lemma GammaK_tendsto:
  assumes "m \<in> {1..M}"
  shows "(\<lambda>l. \<Gamma> (al l) (rl l) m n) \<longlonglongrightarrow>
    (\<Sum>k\<in>off_mic_sources. as k * g m n (rs k)) + mic_amplitude m * \<kappa> (real n / fs)"
proof -
  let ?at = "{k \<in> {1..K}. rs k = rmic m}" and ?away = "{k \<in> {1..K}. rs k \<noteq> rmic m}"
  have "(\<lambda>l. \<Gamma> (al l) (rl l) m n) \<longlonglongrightarrow>
      (\<Sum>k=1..K. if rs k = rmic m then bs k * \<kappa> (real n / fs) / (4 * pi) else as k * g m n (rs k))"
    unfolding GammaK_def using assms by (intro tendsto_sum source_term_tendsto) auto
  also have "(\<Sum>k=1..K. if rs k = rmic m then bs k * \<kappa> (real n / fs) / (4 * pi) else as k * g m n (rs k))
      = (\<Sum>k\<in>?at. bs k * \<kappa> (real n / fs) / (4 * pi)) + (\<Sum>k\<in>?away. as k * g m n (rs k))"
    by (simp add: sum.If_cases Int_def)
  also have "(\<Sum>k\<in>?at. bs k * \<kappa> (real n / fs) / (4 * pi)) = mic_amplitude m * \<kappa> (real n / fs)"
    by (simp add: mic_amplitude_def sum_distrib_right sum_divide_distrib)
  also have "(\<Sum>k\<in>?away. as k * g m n (rs k)) = (\<Sum>k\<in>off_mic_sources. as k * g m n (rs k))"
  proof (rule sum.mono_neutral_right)
    show "off_mic_sources \<subseteq> ?away"
      using assms by (auto simp: off_mic_sources_def EM_def)
    show "\<forall>k\<in>?away - off_mic_sources. as k * g m n (rs k) = 0"
      by (simp add: off_mic_sources_def limit_amplitude_at_mic)
  qed simp
  finally show ?thesis
    by (simp add: add.commute)
qed

lemma Tinf_eq_limit:
  "Tinf = (\<Sum>m=1..M. \<Sum>n=0..<N. (x m n - (\<Sum>k\<in>off_mic_sources. as k * g m n (rs k))
      - mic_amplitude m * \<kappa> (real n / fs))\<^sup>2) / 2"
proof -
  have "(\<lambda>l. T (al l) (rl l)) \<longlonglongrightarrow> (\<Sum>m=1..M. \<Sum>n=0..<N. (x m n - (\<Sum>k\<in>off_mic_sources. as k * g m n (rs k))
      - mic_amplitude m * \<kappa> (real n / fs))\<^sup>2) / 2"
    unfolding Tfun_eq_sum diff_diff_eq by (intro tendsto_intros GammaK_tendsto) auto
  with minimizing show ?thesis
    unfolding minimizing_def using LIMSEQ_unique by blast
qed

end

context source_localization
begin

lemma limit_configuration:
  "\<exists>B \<subseteq> {1..K}. \<exists>as rs atl al rl.
     (\<forall>k\<in>B. 0 \<le> as k \<and> rs k \<notin> EM M rmic) \<and> (\<forall>m\<in>{1..M}. 0 \<le> atl m) \<and>
     Tinf = (\<Sum>m=1..M. \<Sum>n=0..<N. (x m n - (\<Sum>k\<in>B. as k * g m n (rs k)) - atl m * \<kappa> (real n / fs))\<^sup>2) / 2 \<and>
     minimizing al rl \<and>
     (\<forall>k\<in>B. (\<lambda>l. al l k) \<longlonglongrightarrow> as k \<and> (\<lambda>l. rl l k) \<longlonglongrightarrow> rs k) \<and>
     (\<forall>k\<in>{1..K} - B. (\<lambda>l. al l k) \<longlonglongrightarrow> 0)"
proof -
  obtain al rl as rs bs where "minimizing al rl"
    and "\<And>k. k \<in> {1..K} \<Longrightarrow> (\<lambda>l. al l k) \<longlonglongrightarrow> as k \<and> (\<lambda>l. rl l k) \<longlonglongrightarrow> rs k"
    and "\<And>k. k \<in> {1..K} \<Longrightarrow> rs k \<in> EM M rmic \<Longrightarrow> (\<lambda>l. al l k / norm (rl l k - rs k)) \<longlonglongrightarrow> bs k"
    by (rule minimizing_convergent_with_ratios) blast
  then interpret minimizing_limit c fs M N K rmic x \<kappa> al rl as rs bs
    by unfold_locales blast+
  have "off_mic_sources \<subseteq> {1..K}"
    by (auto simp: off_mic_sources_def)
  moreover have "\<forall>k\<in>off_mic_sources. 0 \<le> as k \<and> rs k \<notin> EM M rmic"
    by (simp add: off_mic_sources_def limit_amplitude_nonneg)
  moreover have "\<forall>m\<in>{1..M}. 0 \<le> mic_amplitude m"
    unfolding mic_amplitude_def
    by (intro ballI divide_nonneg_pos sum_nonneg ratio_limit_nonneg) (auto simp: EM_def)
  moreover have "\<forall>k\<in>off_mic_sources. (\<lambda>l. al l k) \<longlonglongrightarrow> as k \<and> (\<lambda>l. rl l k) \<longlonglongrightarrow> rs k"
    by (simp add: off_mic_sources_def amplitude_lim position_lim)
  moreover have "\<forall>k\<in>{1..K} - off_mic_sources. (\<lambda>l. al l k) \<longlonglongrightarrow> 0"
    using amplitude_lim limit_amplitude_at_mic by (fastforce simp: off_mic_sources_def)
  ultimately show ?thesis
    using Tinf_eq_limit minimizing by blast
qed

end

theorem lemma2:
  fixes c fs :: real and M N K :: nat
    and rmic :: "nat \<Rightarrow> real^3" and x :: "nat \<Rightarrow> nat \<Rightarrow> real"
    and \<kappa> :: "real \<Rightarrow> real"
  assumes "c > 0" and "fs > 0" and "M \<ge> 1" and "N \<ge> 1" and "K \<ge> 1"
    and "continuous_on UNIV \<kappa>" and "\<kappa> 0 > 0" and "(\<kappa> \<longlongrightarrow> 0) at_infinity"
    and "Cset c fs M N rmic \<noteq> {}"
    and "amplitude_lower_bounded c fs \<kappa> rmic M N K"
  shows "\<exists>K'\<le>K. \<exists>a r atl.
     (\<forall>k\<in>{1..K'}. 0 \<le> a k \<and> r k \<notin> EM M rmic) \<and> (\<forall>m\<in>{1..M}. 0 \<le> atl m) \<and>
     infT c fs \<kappa> rmic M N x K = Ttilde c fs \<kappa> rmic M N x K' a r atl \<and>
     (\<exists>al rl. (\<forall>l. admissible c fs M N rmic K (al l) (rl l)) \<and>
        (\<lambda>l. Tfun c fs \<kappa> rmic M N x K (al l) (rl l)) \<longlonglongrightarrow> infT c fs \<kappa> rmic M N x K \<and>
        (\<forall>k\<in>{1..K'}. (\<lambda>l. al l k) \<longlonglongrightarrow> a k \<and> (\<lambda>l. rl l k) \<longlonglongrightarrow> r k) \<and>
        (\<forall>k\<in>{K'+1..K}. (\<lambda>l. al l k) \<longlonglongrightarrow> 0))"
proof -
  interpret source_localization c fs M N K rmic x \<kappa>
    using assms by unfold_locales auto
  obtain B as rs atl al rl where B: "B \<subseteq> {1..K}"
    and limits: "\<forall>k\<in>B. 0 \<le> as k \<and> rs k \<notin> EM M rmic" "\<forall>m\<in>{1..M}. 0 \<le> atl m"
    and Tinf: "Tinf = (\<Sum>m=1..M. \<Sum>n=0..<N. (x m n - (\<Sum>k\<in>B. as k * g m n (rs k)) - atl m * \<kappa> (real n / fs))\<^sup>2) / 2"
    and min: "minimizing al rl"
    and converge: "\<forall>k\<in>B. (\<lambda>l. al l k) \<longlonglongrightarrow> as k \<and> (\<lambda>l. rl l k) \<longlonglongrightarrow> rs k"
    and vanish: "\<forall>k\<in>{1..K} - B. (\<lambda>l. al l k) \<longlonglongrightarrow> 0"
    using limit_configuration by blast
  obtain \<pi> where front: "bij_betw \<pi> {1..card B} B" and rest: "bij_betw \<pi> {card B + 1..K} ({1..K} - B)"
    and perm: "bij_betw \<pi> {1..K} {1..K}"
    using obtain_bij_onto_initial_segment[OF B] by blast
  have reindex: "(\<Sum>k=1..card B. as (\<pi> k) * g m n (rs (\<pi> k))) = (\<Sum>k\<in>B. as k * g m n (rs k))" for m n
    by (rule sum.reindex_bij_betw[OF front])
  show ?thesis
  proof (intro exI conjI)
    show "Tinf = Ttilde c fs \<kappa> rmic M N x (card B) (\<lambda>k. as (\<pi> k)) (\<lambda>k. rs (\<pi> k)) atl"
      unfolding Tinf Ttilde_def reindex by simp
    show "\<forall>l. adm (\<lambda>k. al l (\<pi> k)) (\<lambda>k. rl l (\<pi> k))"
      and "(\<lambda>l. T (\<lambda>k. al l (\<pi> k)) (\<lambda>k. rl l (\<pi> k))) \<longlonglongrightarrow> Tinf"
      using minimizing_reindex[OF perm min] by (simp_all add: minimizing_def)
    show "card B \<le> K"
      using card_mono[OF _ B] by simp
    show "\<forall>k\<in>{1..card B}. 0 \<le> as (\<pi> k) \<and> rs (\<pi> k) \<notin> EM M rmic"
      using limits(1) bij_betwE[OF front] by blast
    show "\<forall>k\<in>{1..card B}. (\<lambda>l. al l (\<pi> k)) \<longlonglongrightarrow> as (\<pi> k) \<and> (\<lambda>l. rl l (\<pi> k)) \<longlonglongrightarrow> rs (\<pi> k)"
      using converge bij_betwE[OF front] by blast
    show "\<forall>k\<in>{card B + 1..K}. (\<lambda>l. al l (\<pi> k)) \<longlonglongrightarrow> 0"
      using vanish bij_betwE[OF rest] by blast
  qed (use limits(2) in blast)
qed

*-*-*

Exercise directions → Among the records above, which lines hold the word "auto"? Copy each one.

Task response →
    unfolding GammaK_def using assms by (intro tendsto_sum source_term_tendsto) auto
      using assms by (auto simp: off_mic_sources_def EM_def)
    unfolding Tfun_eq_sum diff_diff_eq by (intro tendsto_intros GammaK_tendsto) auto
    by (auto simp: off_mic_sources_def)
    by (intro ballI divide_nonneg_pos sum_nonneg ratio_limit_nonneg) (auto simp: EM_def)
    using assms by unfold_locales auto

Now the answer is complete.